13. In the present case, as far as the obligating event for the rehabilitation/resettlement measures, such as those mentioned in paragraph 5I, 5II, and 5III are concerned, it appears to the Committee that the obligating event for the same arises as soon as the land is acquired from the project affected persons. This is so, even if the PAPs may not have fulfilled the necessary conditions for becoming individually entitled to receive the money, because, as far as the company is concerned, upon acquisition of land from the PAPs it becomes liable to pay to the PAPs collectively. Accordingly, a provision in respect thereof, on the basis of best estimate of the expenditure required to settle the obligation, should be made on the acquisition of land from the project affected persons irrespective of fulfillment of various conditions by PAPs. With respect to the infrastructural facilities mentioned in paragraph 5 IV also, the point of time at which the provision should be made in the books of account would depend on the obligating event, which in the view of the Committee, is the acquisition of land by the company. The event of acquisition of land from the PAPs makes the company liable to provide the infrastructural facilities even though the contracts may not have been awarded for execution of those works. Accordingly, the accounting treatment being followed by the company in the present case as enumerated in paragraph 8 above is not correct and the same should be modified on the lines as discussed above.

D. Opinion

14. On the basis of the above, the Committee is of the following opinion on the issues raised in paragraph 9 above:
 
            (i) The existing accounting practice being followed by the company is not in order. Please refer to paragraph 13 above.

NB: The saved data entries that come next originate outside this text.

lemma colours_match_at_v:
  assumes "w \<in> verts G'"
  shows "colours_match G' p' (tree_colouring T1') v w"
proof -
  have a_ne_b: "a \<noteq> b" using T1'_T2'_partition(1) b_T2' T1' by blast
  have v_ne: "v \<noteq> v1" "v \<noteq> v2" using v_new v1_v2 by auto
  have colours: "framework_colours p' v w = dominant_coords (q - p w)" if "w \<in> verts G"
    using that by (simp add: framework_colours_eq p'_new p'_old)
  have match: "colours_match G' p' (tree_colouring T1') v w"
    if "parallel_edges G' v w = P" "framework_colours p' v w = C"
      "bij_betw (tree_colouring T1') P C" for P C
    using that by (simp add: colours_match_def)
  consider "w = v1" "v1 = v2" | "w = v1" "v1 \<noteq> v2" | "w = v2" "v1 \<noteq> v2" | "w \<noteq> v1" "w \<noteq> v2"
    by blast
  then show ?thesis
  proof cases
    case 1
    have "parallel_edges G' v w = {a, b}"
      using 1 by (auto simp: parallel_edges_at_v ends_a ends_b)
    moreover have "framework_colours p' v w = {1, 2}"
      using 1 v1_v2 colours q_colours_equal by simp
    moreover have "bij_betw (tree_colouring T1') {a, b} {1, 2}"
      using a_ne_b tree_colouring_new by (auto simp: bij_betw_def)
    ultimately show ?thesis by (rule match)
  next
    case 2
    have "parallel_edges G' v w = {a}"
      using 2 v_ne by (auto simp: parallel_edges_at_v ends_a ends_b doubleton_eq_iff)
    moreover have "framework_colours p' v w = {1}"
      using 2 v1_v2 colours q_colours_distinct by simp
    moreover have "bij_betw (tree_colouring T1') {a} {1}"
      using tree_colouring_new by (simp add: bij_betw_def)
    ultimately show ?thesis by (rule match)
  next
    case 3
    have "parallel_edges G' v w = {b}"
      using 3 v_ne by (auto simp: parallel_edges_at_v ends_a ends_b doubleton_eq_iff)
    moreover have "framework_colours p' v w = {2}"
      using 3 v1_v2 colours q_colours_distinct by simp
    moreover have "bij_betw (tree_colouring T1') {b} {2}"
      using tree_colouring_new by (simp add: bij_betw_def)
    ultimately show ?thesis by (rule match)
  next
    case 4
    then have "parallel_edges G' v w = {}"
      using v_ne by (auto simp: parallel_edges_at_v ends_a ends_b doubleton_eq_iff)
    then show ?thesis by (simp add: colours_match_def)
  qed
qed
(* Let $\mathbb{K}$ be a field, $S=\mathbb{K}[x_1,\ldots,x_{2m}]$, and let $H$ be a simple graph on $\{x_1,\ldots,x_m\}$. Let $I\subseteq S$ be a support-$2$ monomial ideal such that $G(I)$ is the whiskered graph $W_H$, i.e. $E(G(I))=E(H)\cup\{\{x_1,x_{m+1}\},\ldots,\{x_m,x_{2m}\}\}$. Assume that $I$ has no embedded associated primes, $G(I)$ is triangle-free, and $\alpha_{i,j}\le 1$ for all $1\le i,j\le 2m$. Then the following are equivalent: (1) $I^{(2)}=I^2$; (2) for each edge $\{x_i,x_j\}\in E(H)$, either ($w_{i,m+i}=w_{i,j}$ and $w_{j,m+j}=w_{j,i}$) or ($w_{i,m+i}\ge 2w_{i,j}$ and $w_{j,m+j}\ge 2w_{j,i}$).
   Context: For a monomial ideal $I$, $\mathcal{G}(I)$ denotes its minimal set of monomial generators. $I$ is a support-$2$ monomial ideal if every element of $\mathcal{G}(I)$ has the form $x_i^ax_j^b$ with $i<j$ and $a,b\ge 1$. The underlying simple graph $G(I)$ has an edge $\{x_i,x_j\}$ whenever some element of $\mathcal{G}(I)$ has support $\{x_i,x_j\}$. $\alpha_{i,j}$ is the number of elements of $\mathcal{G}(I)$ with support exactly $\{x_i,x_j\}$ (so here each edge has exactly one such generator). For an edge $\{x_i,x_j\}$ of $G(I)$, $w_{i,j}$ denotes the exponent of $x_i$ in the unique element of $\mathcal{G}(I)$ with support $\{x_i,x_j\}$ (so that generator is $x_i^{w_{i,j}}x_j^{w_{j,i}}$). Symbolic power: $I^{(2)}=\bigcap_{P\in\mathrm{MinAss}(I)}(I^2S_P\cap S)$ over the minimal primes of $I$. *)

theory Defs
  imports "HOL-Library.Poly_Mapping"
begin

text \<open>Multivariate polynomials over a field: finitely supported maps from monomials
  (exponent vectors) to coefficients.
  Variable x_i is index i.\<close>

type_synonym 'k mpoly = "(nat \<Rightarrow>\<^sub>0 nat) \<Rightarrow>\<^sub>0 'k"

definition poly_ring :: "nat \<Rightarrow> 'k::field mpoly set" where
  "poly_ring n = {p. \<forall>mon \<in> Poly_Mapping.keys p. Poly_Mapping.keys (mon :: nat \<Rightarrow>\<^sub>0 nat) \<subseteq> {1..n}}"

definition mono2 :: "nat \<Rightarrow> nat \<Rightarrow> nat \<Rightarrow> nat \<Rightarrow> 'k::field mpoly" where
  "mono2 i a j b = Poly_Mapping.single (Poly_Mapping.single i a + Poly_Mapping.single j b) 1"

definition is_ideal :: "'k::field mpoly set \<Rightarrow> 'k mpoly set \<Rightarrow> bool" where
  "is_ideal S J \<longleftrightarrow> J \<subseteq> S \<and> 0 \<in> J \<and> (\<forall>a\<in>J. \<forall>b\<in>J. a + b \<in> J)
     \<and> (\<forall>s\<in>S. \<forall>a\<in>J. s * a \<in> J)"

definition gen_ideal :: "'k::field mpoly set \<Rightarrow> 'k mpoly set \<Rightarrow> 'k mpoly set" where
  "gen_ideal S G = \<Inter>{J. is_ideal S J \<and> G \<subseteq> J}"

definition ideal_prod :: "'k::field mpoly set \<Rightarrow> 'k mpoly set \<Rightarrow> 'k mpoly set \<Rightarrow> 'k mpoly set" where
  "ideal_prod S I J = gen_ideal S {a * b | a b. a \<in> I \<and> b \<in> J}"

definition is_prime_ideal :: "'k::field mpoly set \<Rightarrow> 'k mpoly set \<Rightarrow> bool" where
  "is_prime_ideal S P \<longleftrightarrow> is_ideal S P \<and> P \<noteq> S \<and>
     (\<forall>a\<in>S. \<forall>b\<in>S. a * b \<in> P \<longrightarrow> a \<in> P \<or> b \<in> P)"

definition min_primes :: "'k::field mpoly set \<Rightarrow> 'k mpoly set \<Rightarrow> 'k mpoly set set" where
  "min_primes S I = {P. is_prime_ideal S P \<and> I \<subseteq> P \<and>
     (\<forall>Q. is_prime_ideal S Q \<and> I \<subseteq> Q \<and> Q \<subseteq> P \<longrightarrow> Q = P)}"

definition ass_primes :: "'k::field mpoly set \<Rightarrow> 'k mpoly set \<Rightarrow> 'k mpoly set set" where
  "ass_primes S I = {P. is_prime_ideal S P \<and> (\<exists>f\<in>S. P = {g\<in>S. g * f \<in> I})}"

text \<open>Second symbolic power: intersection over minimal primes P of I^2 S_P \<inter> S,
  where I^2 S_P \<inter> S = {f. \<exists>s\<notin>P. s f \<in> I^2}.\<close>
definition symb_power2 :: "'k::field mpoly set \<Rightarrow> 'k mpoly set \<Rightarrow> 'k mpoly set" where
  "symb_power2 S I = S \<inter> (\<Inter>P\<in>min_primes S I.
     {f\<in>S. \<exists>s\<in>S - P. s * f \<in> ideal_prod S I I})"

definition whiskered :: "nat \<Rightarrow> nat set set \<Rightarrow> nat set set" where
  "whiskered m EH = EH \<union> {{i, m + i} | i. i \<in> {1..m}}"

definition triangle_free :: "nat set set \<Rightarrow> bool" where
  "triangle_free E \<longleftrightarrow> \<not> (\<exists>a b c. {a,b} \<in> E \<and> {b,c} \<in> E \<and> {a,c} \<in> E
      \<and> a \<noteq> b \<and> b \<noteq> c \<and> a \<noteq> c)"

end

theory Submission
  imports Defs
begin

           (ii) (a) In respect of the estimated amount payable to the land oustees in respect of ‘Land for Land’, rehabilitation/ resettlement grants, subsistence grant/self-resettlement grant, a provision, on the basis of best estimate of the expenditure required to settle the obligation, should be made on the acquisition of land from the project affected persons as discussed in paragraph 13 above.

               (b) In respect of infrastructural measures, a provision on the basis of best estimate of the expenditure required to settle the obligation, should be made on the acquisition of land from the project affected persons.

            (iii) & (iv) Please refer to (ii) above.


1 Opinion finalised by the Committee on 09.01.2009
2 ASI 2 has subsequently been withdrawn by the ICAI.